### [Stored data]

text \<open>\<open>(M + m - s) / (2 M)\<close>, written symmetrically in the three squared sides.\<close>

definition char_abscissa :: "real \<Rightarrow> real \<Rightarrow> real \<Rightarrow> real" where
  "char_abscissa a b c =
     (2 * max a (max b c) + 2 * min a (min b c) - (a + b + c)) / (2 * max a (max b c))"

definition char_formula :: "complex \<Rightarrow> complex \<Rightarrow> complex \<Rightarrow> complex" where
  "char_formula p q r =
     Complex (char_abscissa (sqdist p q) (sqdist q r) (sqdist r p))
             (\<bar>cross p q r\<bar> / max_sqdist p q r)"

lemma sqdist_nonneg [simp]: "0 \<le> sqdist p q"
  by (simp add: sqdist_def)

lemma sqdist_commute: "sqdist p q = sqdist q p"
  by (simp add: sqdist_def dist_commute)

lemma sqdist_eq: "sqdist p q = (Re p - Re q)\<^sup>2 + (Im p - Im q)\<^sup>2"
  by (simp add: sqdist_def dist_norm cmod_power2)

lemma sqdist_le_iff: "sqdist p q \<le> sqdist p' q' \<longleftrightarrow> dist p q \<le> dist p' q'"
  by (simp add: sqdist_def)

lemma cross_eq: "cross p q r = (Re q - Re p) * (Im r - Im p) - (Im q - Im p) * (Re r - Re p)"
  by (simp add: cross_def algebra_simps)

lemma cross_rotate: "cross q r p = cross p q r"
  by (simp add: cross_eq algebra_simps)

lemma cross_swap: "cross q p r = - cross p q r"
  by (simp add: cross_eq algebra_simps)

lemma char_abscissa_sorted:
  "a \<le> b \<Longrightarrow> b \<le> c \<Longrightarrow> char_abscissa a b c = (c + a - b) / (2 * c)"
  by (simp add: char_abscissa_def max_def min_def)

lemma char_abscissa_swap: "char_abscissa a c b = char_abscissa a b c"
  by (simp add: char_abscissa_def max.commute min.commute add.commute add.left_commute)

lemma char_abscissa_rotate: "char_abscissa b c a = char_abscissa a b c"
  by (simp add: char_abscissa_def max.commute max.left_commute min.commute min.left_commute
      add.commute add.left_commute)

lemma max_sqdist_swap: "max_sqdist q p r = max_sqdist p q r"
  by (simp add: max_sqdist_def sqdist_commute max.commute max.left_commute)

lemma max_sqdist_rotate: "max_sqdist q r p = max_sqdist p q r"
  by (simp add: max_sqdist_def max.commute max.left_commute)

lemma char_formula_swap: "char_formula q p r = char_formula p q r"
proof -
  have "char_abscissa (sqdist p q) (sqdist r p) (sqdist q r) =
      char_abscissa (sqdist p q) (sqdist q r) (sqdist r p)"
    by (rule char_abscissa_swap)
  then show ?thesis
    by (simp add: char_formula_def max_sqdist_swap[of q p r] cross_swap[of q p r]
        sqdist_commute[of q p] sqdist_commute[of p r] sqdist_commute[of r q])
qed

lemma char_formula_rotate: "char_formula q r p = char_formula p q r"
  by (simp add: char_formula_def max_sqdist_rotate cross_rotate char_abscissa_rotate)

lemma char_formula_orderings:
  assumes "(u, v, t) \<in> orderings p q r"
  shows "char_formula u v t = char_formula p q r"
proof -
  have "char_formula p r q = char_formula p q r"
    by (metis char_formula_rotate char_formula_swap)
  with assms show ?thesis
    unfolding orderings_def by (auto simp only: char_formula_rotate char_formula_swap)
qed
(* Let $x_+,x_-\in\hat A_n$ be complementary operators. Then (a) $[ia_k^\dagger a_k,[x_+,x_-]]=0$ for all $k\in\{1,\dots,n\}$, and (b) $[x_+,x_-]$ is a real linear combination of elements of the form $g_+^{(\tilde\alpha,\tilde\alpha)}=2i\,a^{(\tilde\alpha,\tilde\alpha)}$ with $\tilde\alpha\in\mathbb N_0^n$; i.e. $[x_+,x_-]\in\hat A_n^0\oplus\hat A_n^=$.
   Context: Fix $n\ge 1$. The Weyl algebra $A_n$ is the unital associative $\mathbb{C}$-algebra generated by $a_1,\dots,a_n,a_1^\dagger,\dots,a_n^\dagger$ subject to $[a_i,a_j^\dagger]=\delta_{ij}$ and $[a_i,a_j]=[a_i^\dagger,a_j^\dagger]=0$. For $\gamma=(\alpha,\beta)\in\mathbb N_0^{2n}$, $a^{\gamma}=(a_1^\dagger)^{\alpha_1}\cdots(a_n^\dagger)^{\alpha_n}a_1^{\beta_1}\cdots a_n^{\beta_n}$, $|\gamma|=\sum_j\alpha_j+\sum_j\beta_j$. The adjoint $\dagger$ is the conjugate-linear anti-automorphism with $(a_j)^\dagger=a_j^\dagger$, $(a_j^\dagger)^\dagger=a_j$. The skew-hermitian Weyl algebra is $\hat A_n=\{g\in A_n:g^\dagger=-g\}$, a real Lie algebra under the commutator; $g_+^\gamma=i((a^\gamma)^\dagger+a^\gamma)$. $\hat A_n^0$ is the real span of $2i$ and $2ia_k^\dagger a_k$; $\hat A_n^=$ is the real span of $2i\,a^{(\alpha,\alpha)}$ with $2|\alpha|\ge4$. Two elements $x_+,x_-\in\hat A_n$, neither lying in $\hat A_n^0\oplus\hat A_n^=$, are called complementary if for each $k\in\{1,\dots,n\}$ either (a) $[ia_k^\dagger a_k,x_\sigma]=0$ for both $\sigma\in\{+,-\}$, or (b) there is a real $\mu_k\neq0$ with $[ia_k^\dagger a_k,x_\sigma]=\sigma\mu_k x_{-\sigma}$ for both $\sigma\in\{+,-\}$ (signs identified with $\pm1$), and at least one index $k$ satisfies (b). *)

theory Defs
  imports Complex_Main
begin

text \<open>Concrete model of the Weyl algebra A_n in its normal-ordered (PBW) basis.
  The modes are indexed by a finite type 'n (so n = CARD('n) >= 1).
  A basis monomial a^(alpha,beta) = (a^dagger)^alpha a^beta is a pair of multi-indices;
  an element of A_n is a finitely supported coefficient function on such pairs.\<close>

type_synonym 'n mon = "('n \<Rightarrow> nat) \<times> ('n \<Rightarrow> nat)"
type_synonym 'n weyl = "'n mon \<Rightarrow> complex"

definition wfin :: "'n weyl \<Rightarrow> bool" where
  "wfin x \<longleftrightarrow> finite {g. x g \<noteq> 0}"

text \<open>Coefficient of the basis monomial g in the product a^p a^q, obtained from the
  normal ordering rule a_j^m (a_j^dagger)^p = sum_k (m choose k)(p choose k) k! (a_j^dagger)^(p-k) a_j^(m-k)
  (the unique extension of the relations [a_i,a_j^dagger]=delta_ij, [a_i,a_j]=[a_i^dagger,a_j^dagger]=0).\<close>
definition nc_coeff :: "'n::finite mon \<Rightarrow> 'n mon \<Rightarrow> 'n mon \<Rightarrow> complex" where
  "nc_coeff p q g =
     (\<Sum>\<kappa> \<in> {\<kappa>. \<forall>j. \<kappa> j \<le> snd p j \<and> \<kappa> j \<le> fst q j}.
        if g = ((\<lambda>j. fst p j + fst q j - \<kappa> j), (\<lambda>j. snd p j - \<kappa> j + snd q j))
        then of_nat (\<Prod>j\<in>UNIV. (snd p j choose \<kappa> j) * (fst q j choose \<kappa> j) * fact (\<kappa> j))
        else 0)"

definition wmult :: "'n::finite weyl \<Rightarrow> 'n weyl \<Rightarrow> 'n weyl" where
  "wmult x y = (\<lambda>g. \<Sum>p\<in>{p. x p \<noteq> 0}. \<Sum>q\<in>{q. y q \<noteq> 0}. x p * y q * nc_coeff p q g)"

### [GOAL OF THE EXERCISE]
Copy each line of the data exactly, leaving nothing out.

### [REPLY]
text \<open>\<open>(M + m - s) / (2 M)\<close>, written symmetrically in the three squared sides.\<close>

definition char_abscissa :: "real \<Rightarrow> real \<Rightarrow> real \<Rightarrow> real" where
  "char_abscissa a b c =
     (2 * max a (max b c) + 2 * min a (min b c) - (a + b + c)) / (2 * max a (max b c))"

definition char_formula :: "complex \<Rightarrow> complex \<Rightarrow> complex \<Rightarrow> complex" where
  "char_formula p q r =
     Complex (char_abscissa (sqdist p q) (sqdist q r) (sqdist r p))
             (\<bar>cross p q r\<bar> / max_sqdist p q r)"

lemma sqdist_nonneg [simp]: "0 \<le> sqdist p q"
  by (simp add: sqdist_def)

lemma sqdist_commute: "sqdist p q = sqdist q p"
  by (simp add: sqdist_def dist_commute)

lemma sqdist_eq: "sqdist p q = (Re p - Re q)\<^sup>2 + (Im p - Im q)\<^sup>2"
  by (simp add: sqdist_def dist_norm cmod_power2)

lemma sqdist_le_iff: "sqdist p q \<le> sqdist p' q' \<longleftrightarrow> dist p q \<le> dist p' q'"
  by (simp add: sqdist_def)

lemma cross_eq: "cross p q r = (Re q - Re p) * (Im r - Im p) - (Im q - Im p) * (Re r - Re p)"
  by (simp add: cross_def algebra_simps)

lemma cross_rotate: "cross q r p = cross p q r"
  by (simp add: cross_eq algebra_simps)

lemma cross_swap: "cross q p r = - cross p q r"
  by (simp add: cross_eq algebra_simps)

lemma char_abscissa_sorted:
  "a \<le> b \<Longrightarrow> b \<le> c \<Longrightarrow> char_abscissa a b c = (c + a - b) / (2 * c)"
  by (simp add: char_abscissa_def max_def min_def)

lemma char_abscissa_swap: "char_abscissa a c b = char_abscissa a b c"
  by (simp add: char_abscissa_def max.commute min.commute add.commute add.left_commute)

lemma char_abscissa_rotate: "char_abscissa b c a = char_abscissa a b c"
  by (simp add: char_abscissa_def max.commute max.left_commute min.commute min.left_commute
      add.commute add.left_commute)

lemma max_sqdist_swap: "max_sqdist q p r = max_sqdist p q r"
  by (simp add: max_sqdist_def sqdist_commute max.commute max.left_commute)

lemma max_sqdist_rotate: "max_sqdist q r p = max_sqdist p q r"
  by (simp add: max_sqdist_def max.commute max.left_commute)

lemma char_formula_swap: "char_formula q p r = char_formula p q r"
proof -
  have "char_abscissa (sqdist p q) (sqdist r p) (sqdist q r) =
      char_abscissa (sqdist p q) (sqdist q r) (sqdist r p)"
    by (rule char_abscissa_swap)
  then show ?thesis
    by (simp add: char_formula_def max_sqdist_swap[of q p r] cross_swap[of q p r]
        sqdist_commute[of q p] sqdist_commute[of p r] sqdist_commute[of r q])
qed

lemma char_formula_rotate: "char_formula q r p = char_formula p q r"
  by (simp add: char_formula_def max_sqdist_rotate cross_rotate char_abscissa_rotate)

lemma char_formula_orderings:
  assumes "(u, v, t) \<in> orderings p q r"
  shows "char_formula u v t = char_formula p q r"
proof -
  have "char_formula p r q = char_formula p q r"
    by (metis char_formula_rotate char_formula_swap)
  with assms show ?thesis
    unfolding orderings_def by (auto simp only: char_formula_rotate char_formula_swap)
qed
(* Let $x_+,x_-\in\hat A_n$ be complementary operators. Then (a) $[ia_k^\dagger a_k,[x_+,x_-]]=0$ for all $k\in\{1,\dots,n\}$, and (b) $[x_+,x_-]$ is a real linear combination of elements of the form $g_+^{(\tilde\alpha,\tilde\alpha)}=2i\,a^{(\tilde\alpha,\tilde\alpha)}$ with $\tilde\alpha\in\mathbb N_0^n$; i.e. $[x_+,x_-]\in\hat A_n^0\oplus\hat A_n^=$.
   Context: Fix $n\ge 1$. The Weyl algebra $A_n$ is the unital associative $\mathbb{C}$-algebra generated by $a_1,\dots,a_n,a_1^\dagger,\dots,a_n^\dagger$ subject to $[a_i,a_j^\dagger]=\delta_{ij}$ and $[a_i,a_j]=[a_i^\dagger,a_j^\dagger]=0$. For $\gamma=(\alpha,\beta)\in\mathbb N_0^{2n}$, $a^{\gamma}=(a_1^\dagger)^{\alpha_1}\cdots(a_n^\dagger)^{\alpha_n}a_1^{\beta_1}\cdots a_n^{\beta_n}$, $|\gamma|=\sum_j\alpha_j+\sum_j\beta_j$. The adjoint $\dagger$ is the conjugate-linear anti-automorphism with $(a_j)^\dagger=a_j^\dagger$, $(a_j^\dagger)^\dagger=a_j$. The skew-hermitian Weyl algebra is $\hat A_n=\{g\in A_n:g^\dagger=-g\}$, a real Lie algebra under the commutator; $g_+^\gamma=i((a^\gamma)^\dagger+a^\gamma)$. $\hat A_n^0$ is the real span of $2i$ and $2ia_k^\dagger a_k$; $\hat A_n^=$ is the real span of $2i\,a^{(\alpha,\alpha)}$ with $2|\alpha|\ge4$. Two elements $x_+,x_-\in\hat A_n$, neither lying in $\hat A_n^0\oplus\hat A_n^=$, are called complementary if for each $k\in\{1,\dots,n\}$ either (a) $[ia_k^\dagger a_k,x_\sigma]=0$ for both $\sigma\in\{+,-\}$, or (b) there is a real $\mu_k\neq0$ with $[ia_k^\dagger a_k,x_\sigma]=\sigma\mu_k x_{-\sigma}$ for both $\sigma\in\{+,-\}$ (signs identified with $\pm1$), and at least one index $k$ satisfies (b). *)

theory Defs
  imports Complex_Main
begin

text \<open>Concrete model of the Weyl algebra A_n in its normal-ordered (PBW) basis.
  The modes are indexed by a finite type 'n (so n = CARD('n) >= 1).
  A basis monomial a^(alpha,beta) = (a^dagger)^alpha a^beta is a pair of multi-indices;
  an element of A_n is a finitely supported coefficient function on such pairs.\<close>

type_synonym 'n mon = "('n \<Rightarrow> nat) \<times> ('n \<Rightarrow> nat)"
type_synonym 'n weyl = "'n mon \<Rightarrow> complex"

definition wfin :: "'n weyl \<Rightarrow> bool" where
  "wfin x \<longleftrightarrow> finite {g. x g \<noteq> 0}"

text \<open>Coefficient of the basis monomial g in the product a^p a^q, obtained from the
  normal ordering rule a_j^m (a_j^dagger)^p = sum_k (m choose k)(p choose k) k! (a_j^dagger)^(p-k) a_j^(m-k)
  (the unique extension of the relations [a_i,a_j^dagger]=delta_ij, [a_i,a_j]=[a_i^dagger,a_j^dagger]=0).\<close>
definition nc_coeff :: "'n::finite mon \<Rightarrow> 'n mon \<Rightarrow> 'n mon \<Rightarrow> complex" where
  "nc_coeff p q g =
     (\<Sum>\<kappa> \<in> {\<kappa>. \<forall>j. \<kappa> j \<le> snd p j \<and> \<kappa> j \<le> fst q j}.
        if g = ((\<lambda>j. fst p j + fst q j - \<kappa> j), (\<lambda>j. snd p j - \<kappa> j + snd q j))
        then of_nat (\<Prod>j\<in>UNIV. (snd p j choose \<kappa> j) * (fst q j choose \<kappa> j) * fact (\<kappa> j))
        else 0)"

definition wmult :: "'n::finite weyl \<Rightarrow> 'n weyl \<Rightarrow> 'n weyl" where
  "wmult x y = (\<lambda>g. \<Sum>p\<in>{p. x p \<noteq> 0}. \<Sum>q\<in>{q. y q \<noteq> 0}. x p * y q * nc_coeff p q g)"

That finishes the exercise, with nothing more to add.